To be honest, you are likely to be wasting your time getting to the
lens to clean it, as this is highly unlikely to be your problem unless
a) you live in a very smoky house, or b) you've recently had some
dusty building work done. Unlike with a CD player, normal household
dust tends not to deposit on the lens of a DVD deck, because of the
extremely high rotational speed of the disc, compared to a CD deck.
This causes a layer of air to be dragged round under the disc at high
speed, which tends to keep the lens dust-free. From years of
experience repairing DVD players, it is far more likely that you have
a worn laser ( or possibly, but less likely ) a worn spindle motor. If
the unit plays CDs without skipping, then you can be reasonably sure
that it is a laser issue.

Arfa
It started skipping when I was playing a CD. It has been exposed to a
lot of smoke from people exhaling towards the TV. I'm prepare for the
worst anyways, just in case the DVD unit is bad I already have the
replacement # from Panasonic($110). So either way I have to pull the
unit out.

-ss

You may be lucky then, and a clean of the lens might restore it - for a
while at least, and assuming that it's not a computer-style IDE type
drive. Cleaning never seems to help with these. Clean the lens with a
cotton bud (Q-Tip) moistened with electronics grade (99.7% + ) isopropyl
alcohol. Polish with a dry cotton bud. Don't be tempted to adjust any
pots mounted on the laser.

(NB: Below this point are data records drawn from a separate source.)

(* Let $G$ be a finitely generated group with $\operatorname{Out}(G)$ finite. Then the automorphic growth function of $G$ is equivalent (under $\sim$) to its conjugacy growth function.
   Context: With respect to a finite generating set, the automorphic growth function sends $n$ to the number of $\operatorname{Aut}(G)$-orbits of $G$ containing an element of word length at most $n$, and the conjugacy growth function sends $n$ to the number of conjugacy classes containing an element of word length at most $n$. For non-decreasing non-zero $f,g\colon\mathbb{N}\to\mathbb{N}$, $f\preccurlyeq g$ means there is $\lambda\in\mathbb{N}\setminus\{0\}$ with $f(n)\le\lambda g(\lambda n+\lambda)+\lambda$ for all $n$, and $f\sim g$ means $f\preccurlyeq g$ and $g\preccurlyeq f$. *)

theory Defs
  imports "HOL-Algebra.Algebra"
begin

definition word_length :: "('a, 'b) monoid_scheme \<Rightarrow> 'a set \<Rightarrow> 'a \<Rightarrow> nat" where
  "word_length G S g = (LEAST k. \<exists>w. length w = k \<and> set w \<subseteq> S \<union> (m_inv G ` S)
      \<and> foldr (\<lambda>a b. a \<otimes>\<^bsub>G\<^esub> b) w \<one>\<^bsub>G\<^esub> = g)"

definition ball_set :: "('a, 'b) monoid_scheme \<Rightarrow> 'a set \<Rightarrow> nat \<Rightarrow> 'a set" where
  "ball_set G S n = {x \<in> carrier G. word_length G S x \<le> n}"

definition conj_class :: "('a, 'b) monoid_scheme \<Rightarrow> 'a \<Rightarrow> 'a set" where
  "conj_class G x = {g \<otimes>\<^bsub>G\<^esub> x \<otimes>\<^bsub>G\<^esub> inv\<^bsub>G\<^esub> g | g. g \<in> carrier G}"

definition aut_orbit :: "('a, 'b) monoid_scheme \<Rightarrow> 'a \<Rightarrow> 'a set" where
  "aut_orbit G x = {\<phi> x | \<phi>. \<phi> \<in> iso G G}"

definition conj_growth :: "('a, 'b) monoid_scheme \<Rightarrow> 'a set \<Rightarrow> nat \<Rightarrow> nat" where
  "conj_growth G S n = card (conj_class G ` ball_set G S n)"

definition aut_growth :: "('a, 'b) monoid_scheme \<Rightarrow> 'a set \<Rightarrow> nat \<Rightarrow> nat" where
  "aut_growth G S n = card (aut_orbit G ` ball_set G S n)"

definition out_rel :: "('a, 'b) monoid_scheme \<Rightarrow> (('a \<Rightarrow> 'a) \<times> ('a \<Rightarrow> 'a)) set" where
  "out_rel G = {(\<phi>, \<psi>). \<phi> \<in> iso G G \<and> \<psi> \<in> iso G G \<and>
      (\<exists>g \<in> carrier G. \<forall>x \<in> carrier G. \<phi> x = \<psi> (g \<otimes>\<^bsub>G\<^esub> x \<otimes>\<^bsub>G\<^esub> inv\<^bsub>G\<^esub> g))}"

definition Out_finite :: "('a, 'b) monoid_scheme \<Rightarrow> bool" where
  "Out_finite G \<longleftrightarrow> finite (iso G G // out_rel G)"

definition growth_preceq :: "(nat \<Rightarrow> nat) \<Rightarrow> (nat \<Rightarrow> nat) \<Rightarrow> bool" where
  "growth_preceq f g \<longleftrightarrow> (\<exists>c::nat. c > 0 \<and> (\<forall>n. f n \<le> c * g (c * n + c) + c))"

definition growth_equiv :: "(nat \<Rightarrow> nat) \<Rightarrow> (nat \<Rightarrow> nat) \<Rightarrow> bool" where
  "growth_equiv f g \<longleftrightarrow> growth_preceq f g \<and> growth_preceq g f"

end

theory Submission
  imports Defs
begin

(* Inner automorphisms preserve Aut(G)-orbits, so every orbit is a union of conjugacy classes
   and, in any finite set B, there are at most as many orbits as conjugacy classes.
   Conversely, if two automorphisms \<psi>, \<phi> differ by an inner automorphism then \<psi> x and \<phi> x are
   conjugate. Fixing a point z of each orbit and one automorphism in each class of Out(G),
   the conjugacy class of any y in the orbit of z is therefore that of \<phi> z for one of the
   |Out(G)| chosen \<phi>; so at most |Out(G)| classes meet B per orbit. On balls both counting
   functions are monotone, and the two comparisons give equivalence with constants 1 and
   |Out(G)|. *)

abbreviation word_prod :: "('a, 'b) monoid_scheme \<Rightarrow> 'a list \<Rightarrow> 'a" where
  "word_prod G w \<equiv> foldr (\<lambda>a b. a \<otimes>\<^bsub>G\<^esub> b) w \<one>\<^bsub>G\<^esub>"

lemma (in group) word_prod_closed: "set w \<subseteq> carrier G \<Longrightarrow> word_prod G w \<in> carrier G"
  by (induction w) auto

lemma (in group) word_prod_append:
  "set v \<subseteq> carrier G \<Longrightarrow> set w \<subseteq> carrier G \<Longrightarrow> word_prod G (v @ w) = word_prod G v \<otimes> word_prod G w"
  by (induction v) (auto simp: word_prod_closed m_assoc)

lemma (in group) generate_imp_word:
  assumes "S \<subseteq> carrier G" "x \<in> generate G S"
  shows "\<exists>w. set w \<subseteq> S \<union> m_inv G ` S \<and> word_prod G w = x"
  using assms(2)
proof (induction rule: generate.induct)
  case one
  show ?case by (intro exI[of _ "[]"]) auto
next
  case (incl h)
  then show ?case using assms(1) by (intro exI[of _ "[h]"]) auto
next
  case (inv h)
  then show ?case using assms(1) by (intro exI[of _ "[inv h]"]) auto
next
  case (eng h1 h2)
  then obtain v w where "set v \<subseteq> S \<union> m_inv G ` S" "word_prod G v = h1"
    and "set w \<subseteq> S \<union> m_inv G ` S" "word_prod G w = h2" by blast
  moreover have "S \<union> m_inv G ` S \<subseteq> carrier G" using assms(1) by auto
  ultimately show ?case using word_prod_append[of v w] by (intro exI[of _ "v @ w"]) auto
qed

lemma (in group) word_length_attained:
  assumes "S \<subseteq> carrier G" "x \<in> generate G S"
  shows "\<exists>w. length w = word_length G S x \<and> set w \<subseteq> S \<union> m_inv G ` S \<and> word_prod G w = x"
proof -
  have "\<exists>k w. length w = k \<and> set w \<subseteq> S \<union> m_inv G ` S \<and> word_prod G w = x"
    using generate_imp_word[OF assms] by blast
  then show ?thesis unfolding word_length_def by (rule LeastI_ex)
qed

lemma (in group) finite_ball_set:
  assumes "finite S" "S \<subseteq> carrier G" "generate G S = carrier G"
  shows "finite (ball_set G S n)"
proof (rule finite_subset)
  show "ball_set G S n \<subseteq> word_prod G ` {w. set w \<subseteq> S \<union> m_inv G ` S \<and> length w \<le> n}"
    using word_length_attained[OF assms(2)] assms(3) by (fastforce simp: ball_set_def)
  show "finite (word_prod G ` {w. set w \<subseteq> S \<union> m_inv G ` S \<and> length w \<le> n})"
    using assms(1) by (intro finite_imageI finite_lists_length_le) auto
qed

lemma (in group) mono_card_image_ball_set:
  assumes "finite S" "S \<subseteq> carrier G" "generate G S = carrier G"
  shows "mono (\<lambda>n. card (f ` ball_set G S n))"
proof (rule monoI)
  fix m n :: nat
  assume "m \<le> n"
  then have "ball_set G S m \<subseteq> ball_set G S n" by (auto simp: ball_set_def)
  then show "card (f ` ball_set G S m) \<le> card (f ` ball_set G S n)"
    using finite_ball_set[OF assms] by (intro card_mono image_mono) auto
qed

lemma growth_preceq_if_le_mult:
  assumes "mono g" "\<And>n. f n \<le> c * g n"
  shows "growth_preceq f g"
  unfolding growth_preceq_def
proof (intro exI[of _ "c + 1"] conjI allI)
  fix n
  have "f n \<le> c * g n" by (rule assms(2))
  also have "\<dots> \<le> (c + 1) * g ((c + 1) * n + (c + 1))"
    by (intro mult_mono monoD[OF assms(1)]) auto
  finally show "f n \<le> (c + 1) * g ((c + 1) * n + (c + 1)) + (c + 1)" by linarith
qed simp

lemma (in group) inv_mult_cancel [simp]:
  "x \<in> carrier G \<Longrightarrow> y \<in> carrier G \<Longrightarrow> inv x \<otimes> (x \<otimes> y) = y"
  by (simp add: m_assoc[symmetric])

lemma (in group) mult_inv_cancel [simp]:
  "x \<in> carrier G \<Longrightarrow> y \<in> carrier G \<Longrightarrow> x \<otimes> (inv x \<otimes> y) = y"
  by (simp add: m_assoc[symmetric])

lemma (in group) inner_automorphism_iso:
  assumes "g \<in> carrier G"
  shows "(\<lambda>x. g \<otimes> x \<otimes> inv g) \<in> iso G G"
proof -
  have "(\<lambda>x. g \<otimes> x \<otimes> inv g) \<in> hom G G"
    unfolding hom_def using assms by (auto simp: m_assoc)
  moreover have "bij_betw (\<lambda>x. g \<otimes> x \<otimes> inv g) (carrier G) (carrier G)"
    by (rule bij_betw_byWitness[where f'="\<lambda>x. inv g \<otimes> x \<otimes> g"])
      (use assms in \<open>auto simp: m_assoc\<close>)
  ultimately show ?thesis by (simp add: iso_def)
qed

lemma (in group) conj_class_conj:
  assumes "h \<in> carrier G" "y \<in> carrier G"
  shows "conj_class G (h \<otimes> y \<otimes> inv h) = conj_class G y"
proof -
  have "g \<otimes> (h \<otimes> y \<otimes> inv h) \<otimes> inv g = (g \<otimes> h) \<otimes> y \<otimes> inv (g \<otimes> h)"
    and "g \<otimes> y \<otimes> inv g = (g \<otimes> inv h) \<otimes> (h \<otimes> y \<otimes> inv h) \<otimes> inv (g \<otimes> inv h)"
    if "g \<in> carrier G" for g
    using that assms by (simp_all add: m_assoc inv_mult_group)
  then show ?thesis
    unfolding conj_class_def using assms by (blast intro: m_closed inv_closed)
qed

lemma mem_aut_orbit_self: "y \<in> aut_orbit G y"
  using iso_set_refl unfolding aut_orbit_def by fastforce

lemma (in group) aut_orbit_subset_carrier: "y \<in> carrier G \<Longrightarrow> aut_orbit G y \<subseteq> carrier G"
  unfolding aut_orbit_def iso_def hom_def by auto

lemma (in group) aut_orbit_iso:
  assumes "\<psi> \<in> iso G G" "y \<in> carrier G"
  shows "aut_orbit G (\<psi> y) = aut_orbit G y"
proof -
  let ?\<psi>' = "inv_into (carrier G) \<psi>"
  have "?\<psi>' (\<psi> y) = y"
    using assms by (simp add: iso_def bij_betw_def)
  then have "\<phi> y = (\<phi> \<circ> ?\<psi>') (\<psi> y)" for \<phi> by simp
  moreover have "\<phi> \<circ> \<psi> \<in> iso G G" "\<phi> \<circ> ?\<psi>' \<in> iso G G" if "\<phi> \<in> iso G G" for \<phi>
    using iso_set_trans[OF assms(1) that] iso_set_trans[OF iso_set_sym[OF assms(1)] that] by auto
  ultimately show ?thesis
    unfolding aut_orbit_def by (auto simp del: comp_apply) (metis comp_apply)+
qed

lemma (in group) aut_orbit_eq_if_mem_aut_orbit:
  assumes "x \<in> aut_orbit G y" "y \<in> carrier G"
  shows "aut_orbit G x = aut_orbit G y"
  using assms aut_orbit_iso unfolding aut_orbit_def by blast

lemma (in group) aut_orbit_eq_if_mem_conj_class:
  assumes "x \<in> conj_class G y" "y \<in> carrier G"
  shows "aut_orbit G x = aut_orbit G y"
  using assms aut_orbit_iso[OF inner_automorphism_iso] unfolding conj_class_def by blast

lemma (in group) mem_conj_class_self: "y \<in> carrier G \<Longrightarrow> y \<in> conj_class G y"
  unfolding conj_class_def by (auto intro!: exI[of _ \<one>])

lemma (in group) out_rel_refl: "\<phi> \<in> iso G G \<Longrightarrow> (\<phi>, \<phi>) \<in> out_rel G"
  unfolding out_rel_def by (auto intro!: bexI[of _ \<one>])

lemma (in group) conj_class_eq_if_out_rel:
  assumes "(\<psi>, \<phi>) \<in> out_rel G" "x \<in> carrier G"
  shows "conj_class G (\<psi> x) = conj_class G (\<phi> x)"
proof -
  obtain g where g: "g \<in> carrier G" and \<psi>: "\<psi> x = \<phi> (g \<otimes> x \<otimes> inv g)"
    using assms unfolding out_rel_def by blast
  interpret \<phi>: group_hom G G \<phi>
    using assms(1) by (simp add: out_rel_def group_hom_def group_hom_axioms_def iso_def is_group)
  have "\<psi> x = \<phi> g \<otimes> \<phi> x \<otimes> inv (\<phi> g)"
    using \<psi> g assms(2) by simp
  then show ?thesis using g assms(2) by (simp add: conj_class_conj)
qed

lemma (in group) card_aut_orbits_le_card_conj_classes:
  assumes "finite B" "B \<subseteq> carrier G"
  shows "card (aut_orbit G ` B) \<le> card (conj_class G ` B)"
proof (rule surj_card_le)
  show "finite (conj_class G ` B)" using assms(1) by simp
  show "aut_orbit G ` B \<subseteq> (\<lambda>C. aut_orbit G (SOME x. x \<in> C)) ` conj_class G ` B"
  proof
    fix Orb assume "Orb \<in> aut_orbit G ` B"
    then obtain y where y: "y \<in> B" "Orb = aut_orbit G y" by blast
    with assms(2) have "(SOME x. x \<in> conj_class G y) \<in> conj_class G y"
      by (meson someI mem_conj_class_self subsetD)
    then have "aut_orbit G (SOME x. x \<in> conj_class G y) = Orb"
      using y assms(2) aut_orbit_eq_if_mem_conj_class by blast
    then show "Orb \<in> (\<lambda>C. aut_orbit G (SOME x. x \<in> C)) ` conj_class G ` B"
      using y(1) by blast
  qed
qed

lemma (in group) card_conj_classes_le_card_aut_orbits_mult_card_Out:
  assumes "finite B" "B \<subseteq> carrier G" "finite (iso G G // out_rel G)"
  shows "card (conj_class G ` B) \<le> card (aut_orbit G ` B) * card (iso G G // out_rel G)"
proof -
  let ?h = "\<lambda>(Orb, Q). conj_class G ((SOME \<phi>. \<phi> \<in> Q) (SOME z. z \<in> Orb))"
  have "conj_class G ` B \<subseteq> ?h ` (aut_orbit G ` B \<times> iso G G // out_rel G)"
  proof
    fix C assume "C \<in> conj_class G ` B"
    then obtain y where y: "y \<in> B" "C = conj_class G y" by blast
    with assms(2) have y_carrier: "y \<in> carrier G" by blast
    define z where "z = (SOME z. z \<in> aut_orbit G y)"
    have z: "z \<in> aut_orbit G y"
      unfolding z_def by (rule someI[where P = "\<lambda>z. z \<in> aut_orbit G y", OF mem_aut_orbit_self])
    have z_carrier: "z \<in> carrier G"
      using aut_orbit_subset_carrier[OF y_carrier] z by (rule subsetD)
    have "y \<in> aut_orbit G z"
      using aut_orbit_eq_if_mem_aut_orbit[OF z y_carrier] mem_aut_orbit_self[of y G] by simp
    then obtain \<psi> where \<psi>: "\<psi> \<in> iso G G" "y = \<psi> z"
      unfolding aut_orbit_def by blast
    define Q where "Q = out_rel G `` {\<psi>}"
    have "\<psi> \<in> Q"
      unfolding Q_def using out_rel_refl[OF \<psi>(1)] by simp
    then have "(SOME \<phi>. \<phi> \<in> Q) \<in> Q" by (rule someI[where P = "\<lambda>\<phi>. \<phi> \<in> Q"])
    then have "(\<psi>, SOME \<phi>. \<phi> \<in> Q) \<in> out_rel G"
      unfolding Q_def by simp
    then have "conj_class G (\<psi> z) = conj_class G ((SOME \<phi>. \<phi> \<in> Q) z)"
      using z_carrier by (rule conj_class_eq_if_out_rel)
    moreover have "?h (aut_orbit G y, Q) = conj_class G ((SOME \<phi>. \<phi> \<in> Q) z)"
      by (simp add: z_def)
    ultimately have "C = ?h (aut_orbit G y, Q)"
      using y(2) \<psi>(2) by simp
    moreover have "Q \<in> iso G G // out_rel G"
      unfolding Q_def using \<psi>(1) by (rule quotientI)
    ultimately show "C \<in> ?h ` (aut_orbit G ` B \<times> iso G G // out_rel G)"
      using y(1) by blast
  qed
  then have "card (conj_class G ` B) \<le> card (aut_orbit G ` B \<times> iso G G // out_rel G)"
    using assms(1,3) by (intro surj_card_le) auto
  then show ?thesis by (simp add: card_cartesian_product)
qed

theorem mainTheorem17:
  fixes G :: "('a, 'b) monoid_scheme" and S :: "'a set"
  assumes "group G"
    and "finite S" and "S \<subseteq> carrier G" and "generate G S = carrier G"
    and "Out_finite G"
  shows "growth_equiv (aut_growth G S) (conj_growth G S)"
proof -
  interpret group G by fact
  have ball: "finite (ball_set G S n)" "ball_set G S n \<subseteq> carrier G" for n
    using finite_ball_set[OF assms(2-4)] by (auto simp: ball_set_def)
  have "aut_growth G S n \<le> 1 * conj_growth G S n" for n
    unfolding aut_growth_def conj_growth_def
    using card_aut_orbits_le_card_conj_classes[OF ball] by simp
  moreover have "conj_growth G S n \<le> card (iso G G // out_rel G) * aut_growth G S n" for n
    unfolding aut_growth_def conj_growth_def
    using card_conj_classes_le_card_aut_orbits_mult_card_Out[OF ball] assms(5)
    by (simp add: Out_finite_def mult.commute)
  moreover have "mono (conj_growth G S)" "mono (aut_growth G S)"
    unfolding conj_growth_def aut_growth_def
    using mono_card_image_ball_set[OF assms(2-4)] by auto
  ultimately show ?thesis
    unfolding growth_equiv_def by (metis growth_preceq_if_le_mult)
qed

end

Mis-adjustment of them is likely to result in
rapid destruction of the laser diode(s).

If the price you have from Pan is for just a laser, rather than a
pre-assembled sub deck, be aware that most Pan DVD players, require
mechanical adjustment of the tilt and skew after the laser is fitted.
Provided that the model in question has the jitter meter software built
in, this is not difficult, if a little fiddly.

Arfa

Thanks for all the info! It has a IDE connector on the back so I'm
assuming it's IDE. Also the price from Panasonic is for the whole unit.


Yeah, I kinda suspected that might be the case, which is why I made the
comment. In that case, I think, from experience, that you are unlikely to
recover it with cleaning. As these drives are pretty much totally
enclosed, anything like cigarette smoke has a tendency to condense out on
the outside of the drive, rather than on internal components. I think that
in the end, you will finish up replacing the whole drive, as you felt that
you might have to.

Arfa



Well if it is IDE could he just purchase a cheap computer DVD drive and put
it in there? I'd try that, but I have no expierence with dvd players that
use IDE drives and don't know if it would work.